1.9 KiB
🔀 #66 - CUDA non-contiguous RoPE
| Author | ikawrakow |
|---|---|
| State | ❌ Closed |
| Created | 2024-09-28 |
| Updated | 2024-09-28 |
Description
In this way we can avoid the Q, K, V copies being made after multiplication with the QKV tensor in, e.g., Phi-3.5-mini (see #65 for details). This results in a 6-7% speedup of PP-512(Phi-3.5-mini) on CUDA (RTX-4080). There is also a 2-3% gain on Metal (M2-Max GPU).

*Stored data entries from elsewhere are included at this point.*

lemma is_solution_r6: "is_solution X (r6 n J)"
  unfolding is_solution_def
proof (intro conjI ballI)
  show "X \<noteq> {}" using zero_in_zn by blast
  show "r6 n J p \<in> X \<times> X" if "p \<in> X \<times> X" for p
    using that by (auto simp: r6_eq_reduce simp del: reduce_Pair)
  show "r6 n J (r6 n J p) = p" if "p \<in> X \<times> X" for p
    using that by (cases p) (simp add: r6_involutive del: reduce_Pair)
  show "r12 (r6 n J) (r23 (r6 n J) (r12 (r6 n J) t)) = r23 (r6 n J) (r12 (r6 n J) (r23 (r6 n J) t))"
    if "t \<in> X \<times> X \<times> X" for t
    using that r6_braid by auto
qed (simp_all add: ybe_sigma_r6 bij_betw_sig6 bij_betw_ybe_gamma_r6)

section \<open>Indecomposability and irretractability\<close>

lemma sigma_orbit_subset_X: "x \<in> X \<Longrightarrow> y \<in> sigma_orbit X (r6 n J) x \<Longrightarrow> y \<in> X"
  by (rotate_tac, induction rule: sigma_orbit.induct)
    (auto simp: ybe_sigma_r6 sig6_in_X inv_into_sig6 sig_inv_in_X)

lemma sigma_orbit_diff_snd:
  assumes x: "x \<in> X" and kl: "(k, l) \<in> sigma_orbit X (r6 n J) x"
  shows "(k, (l - Jmod m) mod N) \<in> sigma_orbit X (r6 n J) x"
proof -
  have "(k, l) \<in> X" using sigma_orbit_subset_X[OF x kl] .
  moreover have "Jmod (k + 0 - (k - m) mod N) = Jmod m"
    by (rule Jmod_cong) (simp add: mod_diff_right_eq)
  ultimately have "sig6 n J ((k - m) mod N, 0) (k, l) = (k, (l - Jmod m) mod N)"
    by (simp add: sig6_eq_reduce)
  then show ?thesis
    using sigma_orbit.step[OF kl, of "((k - m) mod N, 0)"] by (simp add: ybe_sigma_r6)
qed

lemma sigma_orbit_add_snd:
  assumes x: "x \<in> X" and kl: "(k, l) \<in> sigma_orbit X (r6 n J) x"
  shows "(k, (l + Jmod m) mod N) \<in> sigma_orbit X (r6 n J) x"
proof -
  have "(k, l) \<in> X" using sigma_orbit_subset_X[OF x kl] .
  moreover have "Jmod (k - (k - m) mod N) = Jmod m"
    by (rule Jmod_cong) (simp add: mod_diff_right_eq)
  ultimately have "inv_into X (sig6 n J ((k - m) mod N, 0)) (k, l) = (k, (l + Jmod m) mod N)"
    by (simp add: inv_into_sig6 sig_inv_Pair)
  then show ?thesis
    using sigma_orbit.step_inv[OF kl, of "((k - m) mod N, 0)"] by (simp add: ybe_sigma_r6)
qed

lemma sigma_orbit_add_fst:
  assumes "(k, l) \<in> sigma_orbit X (r6 n J) x"
  shows "\<exists>l'. ((k + a) mod N, l') \<in> sigma_orbit X (r6 n J) x"
proof -
  have "fst (sig6 n J (0, a mod N) (k, l)) = (k + a) mod N"
    by (simp add: sig6_eq_reduce mod_simps)
  moreover have "(0, a mod N) \<in> X" by simp
  ultimately show ?thesis
    using sigma_orbit.step[OF assms] by (metis prod.collapse ybe_sigma_r6)
qed

lemma sigma_orbit_add_generate_snd:
  assumes x: "x \<in> X" and g: "g \<in> generate (integer_mod_group n) (J ` zn n)"
  shows "(k, l) \<in> sigma_orbit X (r6 n J) x \<Longrightarrow> (k, (l + g) mod N) \<in> sigma_orbit X (r6 n J) x"
  using g
proof (induction arbitrary: l rule: generate.induct)
  case one
  then show ?case using sigma_orbit_subset_X[OF x] by fastforce
next
  case (incl h)
  then obtain m where "m \<in> zn n" "h = J m" by blast
  then have "h = Jmod m" by (simp add: Jmod_def)
  then show ?case using sigma_orbit_add_snd[OF x incl.prems] by blast
next
  case (inv h)
  then obtain m where "m \<in> zn n" "h = J m" by blast
  then have h: "h = Jmod m" by (simp add: Jmod_def)
  then have "inv\<^bsub>integer_mod_group n\<^esub> h = (- h) mod N"
    using Jmod_in_zn carrier_integer_mod_group_eq_zn by simp
  moreover have "(l + (- h) mod N) mod N = (l - h) mod N" by (simp add: mod_simps)
  ultimately show ?case using sigma_orbit_diff_snd[OF x inv.prems] h by simp
next
  case (eng h1 h2)
  then have "(k, ((l + h1) mod N + h2) mod N) \<in> sigma_orbit X (r6 n J) x" by blast
  moreover have "((l + h1) mod N + h2) mod N = (l + (h1 + h2) mod N) mod N"
    by (simp add: mod_simps ac_simps)
  ultimately show ?case by simp
qed

lemma indecomposable_r6:
  assumes J_gen: "generate (integer_mod_group n) (J ` zn n) = carrier (integer_mod_group n)"
  shows "indecomposable X (r6 n J)"
  unfolding indecomposable_def
proof (intro ballI)
  fix x y assume x: "x \<in> X" and y: "y \<in> X"
  obtain k0 l0 where x0: "x = (k0, l0)" by (cases x)
  obtain k l where y0: "y = (k, l)" by (cases y)
  have "(k0, l0) \<in> sigma_orbit X (r6 n J) x" using x0 sigma_orbit.base by simp
  then obtain l1 where "((k0 + (k - k0)) mod N, l1) \<in> sigma_orbit X (r6 n J) x"
    using sigma_orbit_add_fst by blast
  then have "(k, l1) \<in> sigma_orbit X (r6 n J) x" using y y0 by simp
  moreover have "(l - l1) mod N \<in> generate (integer_mod_group n) (J ` zn n)"
    using J_gen carrier_integer_mod_group_eq_zn by simp
  ultimately have "(k, (l1 + (l - l1) mod N) mod N) \<in> sigma_orbit X (r6 n J) x"
    using sigma_orbit_add_generate_snd[OF x] by blast
  moreover have "(l1 + (l - l1) mod N) mod N = l" using y y0 by (simp add: mod_simps)
  ultimately show "y \<in> sigma_orbit X (r6 n J) x" using y0 by simp
qed

lemma sig6_separates_fst:
  assumes J_shift: "\<forall>i \<in> zn n. i \<noteq> 0 \<longrightarrow> (\<exists>k \<in> zn n. J ((i + k) mod N) \<noteq> J k)"
    and i: "i \<in> zn n" "i' \<in> zn n" "i \<noteq> i'"
  shows "\<exists>z \<in> X. sig6 n J (i, a) z \<noteq> sig6 n J (i', a) z"
proof -
  obtain m where m: "m \<in> zn n" "J (((i - i') mod N + m) mod N) \<noteq> J m"
    using J_shift diff_mod_nonzero[OF i] mod_in_zn by blast
  define k where "k = (m - a + i) mod N"
  have "(k + a - i') mod N = (m - a + i + a - i') mod N"
    unfolding k_def by (intro mod_diff_cong mod_add_cong) simp_all
  also have "m - a + i + a - i' = i - i' + m" by simp
  also have "(i - i' + m) mod N = ((i - i') mod N + m) mod N" by (rule mod_add_left_eq[symmetric])
  finally have "Jmod (k + a - i') = J (((i - i') mod N + m) mod N)" by (simp add: Jmod_def)
  moreover have "(k + a - i) mod N = (m - a + i + a - i) mod N"
    unfolding k_def by (intro mod_diff_cong mod_add_cong) simp_all
  then have "Jmod (k + a - i) = J m" using m(1) by (simp add: Jmod_def)
  ultimately have "(- Jmod (k + a - i)) mod N \<noteq> (- Jmod (k + a - i')) mod N"
    using m(2) uminus_mod_inj_on_zn[OF Jmod_in_zn Jmod_in_zn, of "k + a - i" "k + a - i'"] by auto
  then have "sig6 n J (i, a) (k, 0) \<noteq> sig6 n J (i', a) (k, 0)"
    by (simp add: sig6_eq_reduce)
  moreover have "(k, 0) \<in> X" by (simp add: k_def)
  ultimately show ?thesis by blast
qed

lemma irretractable_r6:
  assumes J_shift: "\<forall>i \<in> zn n. i \<noteq> 0 \<longrightarrow> (\<exists>k \<in> zn n. J ((i + k) mod N) \<noteq> J k)"
  shows "irretractable X (r6 n J)"
  unfolding irretractable_def ybe_sigma_r6
proof (intro ballI impI)
  fix x y assume x: "x \<in> X" and y: "y \<in> X" and xy: "x \<noteq> y"
  obtain i a i' a' where xy0: "x = (i, a)" "y = (i', a')" by (cases x, cases y)
  show "\<exists>z \<in> X. sig6 n J x z \<noteq> sig6 n J y z"
  proof (cases "a = a'")
    case True
    then have "i \<noteq> i'" using xy unfolding xy0 by simp
    then show ?thesis
      using sig6_separates_fst[OF J_shift] x y True unfolding xy0 by blast
  next
    case False
    have "fst (sig6 n J (i, a) (0, 0)) = a" "fst (sig6 n J (i', a') (0, 0)) = a'"
      using x y unfolding xy0 by (simp_all add: sig6_eq_reduce)
    then have "sig6 n J x (0, 0) \<noteq> sig6 n J y (0, 0)"
      using False unfolding xy0 by metis
    moreover have "(0, 0) \<in> X" by simp
    ultimately show ?thesis by blast
  qed
qed

section \<open>Simplicity\<close>

lemma unit_multiple_exists:
  assumes "(d * u) mod N = 1"
  shows "\<exists>t :: nat. (int t * d) mod N = e mod N"
proof
  have "(int (nat ((e * u) mod N)) * d) mod N = (e * u * d) mod N"
    using N_pos by (simp add: mod_mult_left_eq)
  also have "\<dots> = (e * ((d * u) mod N)) mod N" by (simp add: mod_mult_right_eq ac_simps)
  finally show "(int (nat ((e * u) mod N)) * d) mod N = e mod N" using assms by simp
qed

lemma const_of_shift_invariant:
  assumes d: "(d * u) mod N = 1" and P: "\<forall>w \<in> zn n. P w = P ((w + d) mod N)"
    and w: "w \<in> zn n" and w': "w' \<in> zn n"
  shows "P w = P w'"
proof -
  have iterate: "P w = P ((w + int t * d) mod N)" for t
  proof (induction t)
    case (Suc t)
    have "((w + int t * d) mod N + d) mod N = (w + int t * d + d) mod N"
      by (simp add: mod_add_left_eq)
    also have "\<dots> = (w + int (Suc t) * d) mod N" by (simp add: algebra_simps)
    moreover have "P ((w + int t * d) mod N) = P (((w + int t * d) mod N + d) mod N)"
      using P mod_in_zn by blast
    ultimately show ?case using Suc by simp
  qed (use w in simp)
  obtain t :: nat where "(int t * d) mod N = (w' - w) mod N"
    using unit_multiple_exists[OF d] by blast
  then have "(w + int t * d) mod N = (w + (w' - w)) mod N" by (metis mod_add_right_eq)
  then show ?thesis using iterate[of t] w' by simp
qed

lemma Jmod_mod_add_left: "Jmod (k mod N + a - i) = Jmod (k + a - i)"
  by (rule Jmod_cong) (intro mod_diff_cong mod_add_cong; simp)

context
  fixes Y :: "'b set" and s :: "'b \<times> 'b \<Rightarrow> 'b \<times> 'b" and f :: "int \<times> int \<Rightarrow> 'b"
  assumes Y_sol: "is_solution Y s" and hom: "sol_hom X (r6 n J) Y s f"
    and J_diff_unit: "\<forall>i \<in> zn n. i \<noteq> 0 \<longrightarrow> (\<exists>u \<in> zn n. ((J 0 - J i) * u) mod N = 1)"
begin

lemmas hom_sig6_cong_left = sol_hom_sigma_cong_left[OF hom, unfolded ybe_sigma_r6]
lemmas hom_sig6_cong_right = sol_hom_sigma_cong_right[OF hom, unfolded ybe_sigma_r6]

lemma hom_sig_inv_cong_left:
  assumes "x \<in> X" "x' \<in> X" "w \<in> X" "f x = f x'"
  shows "f (sig_inv x w) = f (sig_inv x' w)"
  using sol_hom_sigma_inv_cong_left[OF is_solution_r6 Y_sol hom assms]
  by (simp only: ybe_sigma_r6 inv_into_sig6[OF \<open>w \<in> X\<close>])

lemma hom_snd_shift_of_collision:
  assumes p: "p \<in> zn n" "p' \<in> zn n" "c \<in> zn n" and w: "w \<in> zn n"
    and collision: "f (p, c) = f (p', c)"
  shows "f (p, w) = f (p, (w + (J 0 - Jmod (p - p'))) mod N)"
proof -
  \<comment> \<open>\<sigma>(p,c) and \<sigma>(p',c) move y into row p, at heights differing by J 0 - J (p - p')\<close>
  define y where "y = ((p - c) mod N, (w + J 0) mod N)"
  have "Jmod ((p - c) mod N + c - p) = J 0" by (simp add: Jmod_mod_add_left)
  then have "sig6 n J (p, c) y = (p, w)" using p w by (simp add: y_def sig6_eq_reduce mod_simps)
  moreover have "Jmod ((p - c) mod N + c - p') = Jmod (p - p')" by (simp add: Jmod_mod_add_left)
  then have "sig6 n J (p', c) y = (p, (w + (J 0 - Jmod (p - p'))) mod N)"
    using p by (simp add: y_def sig6_eq_reduce mod_simps algebra_simps)
  ultimately show ?thesis
    using hom_sig6_cong_left[of "(p, c)" "(p', c)" y] p collision by (simp add: y_def)
qed

lemma hom_row_const_of_collision:
  assumes p: "p \<in> zn n" "p' \<in> zn n" "c \<in> zn n" "p \<noteq> p'"
    and collision: "f (p, c) = f (p', c)"
    and w: "w \<in> zn n" "w' \<in> zn n"
  shows "f (p, w) = f (p, w')"
proof -
  obtain u where u: "((J 0 - Jmod (p - p')) * u) mod N = 1"
    using J_diff_unit diff_mod_nonzero[OF p(1,2,4)] mod_in_zn unfolding Jmod_def by blast
  have "\<forall>w \<in> zn n. f (p, w) = f (p, (w + (J 0 - Jmod (p - p'))) mod N)"
    using hom_snd_shift_of_collision[OF p(1-3) _ collision] by blast
  from const_of_shift_invariant[OF u this w] show ?thesis .
qed

lemma hom_row_const_spread:
  assumes p: "p \<in> zn n" and row: "\<And>w w'. w \<in> zn n \<Longrightarrow> w' \<in> zn n \<Longrightarrow> f (p, w) = f (p, w')"
    and m: "m \<in> zn n" and v: "v \<in> zn n" "v' \<in> zn n"
  shows "f (m, v) = f (m, v')"
proof -
  define q where "q = (m - p) mod N"
  have "(p + q - 0) mod N = m mod N" unfolding q_def by (simp add: mod_add_right_eq)
  then have "Jmod (p + q - 0) = Jmod m" by (rule Jmod_cong)
  then have lift: "sig6 n J (0, q) (p, (w + Jmod m) mod N) = (m, w)" if "w \<in> zn n" for w
    using m that by (simp add: sig6_eq_reduce q_def mod_simps)
  have "f (sig6 n J (0, q) (p, (v + Jmod m) mod N)) = f (sig6 n J (0, q) (p, (v' + Jmod m) mod N))"
    by (rule hom_sig6_cong_right) (simp_all add: p q_def row)
  then show ?thesis using lift v by simp
qed

lemma hom_const_of_collision:
  assumes "p \<in> zn n" "p' \<in> zn n" "c \<in> zn n" "p \<noteq> p'" "f (p, c) = f (p', c)"
  shows "\<forall>y \<in> X. f y = f (0, 0)"
proof
  have row: "f (m, v) = f (m, v')" if "m \<in> zn n" "v \<in> zn n" "v' \<in> zn n" for m v v'
    using hom_row_const_spread[OF assms(1) hom_row_const_of_collision[OF assms]] that by blast
  fix y assume y: "y \<in> X"
  then obtain m v where y0: "y = (m, v)" "m \<in> zn n" "v \<in> zn n" by blast
  have "f (sig6 n J (0, m) (0, 0)) = f (sig6 n J (0, 0) (0, 0))"
    using row[of 0 m 0] y0 by (intro hom_sig6_cong_left) auto
  then have "f (m, (- Jmod m) mod N) = f (0, (- J 0) mod N)" using y0 by (simp add: sig6_eq_reduce)
  then show "f y = f (0, 0)" using row y0 by (metis mod_in_zn zero_in_zn)
qed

Here is the combined effect of this PR and PR #65 on CUDA (RTX-4080) and Metal (M2-Max 30-core GPU) for Phi-3.5-mini:
| model | backend | ngl | threads | test | t/s (llama.cpp) | t/s (this PR) | Speedup |
|---|---|---|---|---|---|---|---|
| phi3 3B F16 | Metal | 100 | 4 | pp512 | 1003.22 ± 1.31 | 1063.84 ± 0.63 | 1.060 |
| phi3 3B F16 | Metal | 100 | 4 | tg128 | 39.32 ± 0.07 | 41.70 ± 0.06 | 1.061 |
| phi3 3B F16 | CUDA | 100 | 1 | pp512 | 11280.47 ± 26.75 | 13770.42 ± 84.46 | 1.221 |
| phi3 3B F16 | CUDA | 100 | 1 | tg128 | 79.84 ± 0.03 | 81.50 ± 0.02 | 1.021 |
💬 Conversation
👤 ikawrakow commented the 2024-09-28 at 12:42:05:
So, I see that there are a lot of models that can potentially benefit from this PR as the pattern
qkv = ggml_mul_mat(...);
Q = ggml_cont(..., qkv, ...);
K = ggml_cont(..., qkv, ...);
V = ggml_cont(..., qkv, ...);
is quite common in llama.cpp. But replacing the copies that make Q, K and V contiguous with appropriate views requires testing (it is easy to screw things up), and I don't feel like fetching N models and trying at this point. So, for now, just Phi-3(.5) benefits.